I have saved vectors in Weaviate that I want to query using dot product. I'm using the python sdk and I just don't see anyway of specifying this. Does anyone know if this is possible/not possible?
Hi and thanks for your question.
The simple answer as of writing this is "not yet, but soon", but I think I need to elaborate a bit to explain more.
Generally, distance functions in Weaviate are entirely pluggable. Anything that can produce a score can be plugged in. For example, see this folder. In fact, you will even see a file named dot_product.go
in there. This is because internally for calculating the cosine sim, Weaviate will normalize all vectors on read and then just calculate the dot product.
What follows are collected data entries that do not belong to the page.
lemma mass_quotient_bounds:
  assumes v: "v \<in> cone R" and s: "s \<in> {0..R}" and M: "\<And>x. x \<in> {0..R} \<Longrightarrow> \<bar>v x\<bar> \<le> M"
  shows "0 \<le> mass_quotient v s \<and> mass_quotient v s \<le> M powr p / (real N + \<beta>) * s powr (\<beta> - \<alpha> + 1)"
proof -
  have "-1 < real N + \<beta> - 1"
    using weight_exponent_pos by simp
  from weighted_power_quotient_bounds[OF this p_pos, of s v M "real N + \<alpha> - 1"]
  show ?thesis
    using s M continuous_on_subset[OF cone_continuous[OF v], of "{0..s}"]
    unfolding mass_quotient_def by (auto simp: algebra_simps)
qed

lemma mass_quotient_continuous:
  assumes "0 \<le> R" "v \<in> cone R"
  shows "continuous_on {0..R} (mass_quotient v)"
  unfolding mass_quotient_def[abs_def] using weight_exponent_pos decay_exponent_pos
  by (intro weighted_power_quotient_continuous p_pos assms cone_continuous) auto

lemma mass_quotient_tendsto:
  assumes ws: "\<And>n. ws n \<in> cone R" and M: "\<And>n x. x \<in> {0..R} \<Longrightarrow> \<bar>ws n x\<bar> \<le> M"
    and lim: "\<And>x. x \<in> {0..R} \<Longrightarrow> (\<lambda>n. ws n x) \<longlonglongrightarrow> v x" and s: "s \<in> {0..R}"
  shows "(\<lambda>n. mass_quotient (ws n) s) \<longlonglongrightarrow> mass_quotient v s"
proof -
  have "(\<lambda>n. weighted_power_integral (real N + \<beta> - 1) p (ws n) s)
      \<longlonglongrightarrow> weighted_power_integral (real N + \<beta> - 1) p v s"
    using weight_exponent_pos s M lim
    by (intro weighted_power_integral_tendsto[where M = M] p_pos
        continuous_on_subset[OF cone_continuous[OF ws]]) auto
  then show ?thesis
    unfolding mass_quotient_def divide_inverse by (rule tendsto_mult_right)
qed

lemma integrand_continuous:
  assumes "0 \<le> R" and v: "v \<in> cone R"
  shows "continuous_on {0..R} (integrand v)"
proof -
  obtain M where M: "\<And>x. x \<in> {0..R} \<Longrightarrow> \<bar>v x\<bar> \<le> M"
    using cone_bounded[OF v] by blast
  have "0 \<le> coefficient v s * mass_quotient v s" if "s \<in> {0..R}" for s
    using mass_quotient_bounds[OF v that M] by (simp add: coefficient_def)
  then show ?thesis
    unfolding integrand_def[abs_def] using m_gt_1
    by (intro continuous_on_powr' continuous_on_mult continuous_on_const
        coefficient_continuous mass_quotient_continuous assms) auto
qed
So, if Weaviate can calculate the dot product why can't you select this option? This is because of a past decision to introduce the certainty
field in the API. This field is used to return scores and to limit results by score. The original idea behind the certainty was that we would want a single metric that can produce a number between 0
and 1
to indicate the distance. With cosine sim that's simple, as this is already in the range of -1, 1
, so it's very easy to transform it into a certainty. With an unbounded score such as dot product, this isn't so easy.
Here is a discussion on this topic. Feel free to participate in this discussion. The current favorite option is to deprecate certainty
and expose the raw values as either score
or distance
.
We could easily enable new distance scores, such as dot product before the above mentioned API issue is solved. Possibly as an experimental feature using a feature flag. However, you would not be able to see the resulting scores/distances in the APIs.
I expect the above mentioned issue to be resolved in a couple of weeks as of writing this (April 28, 2022).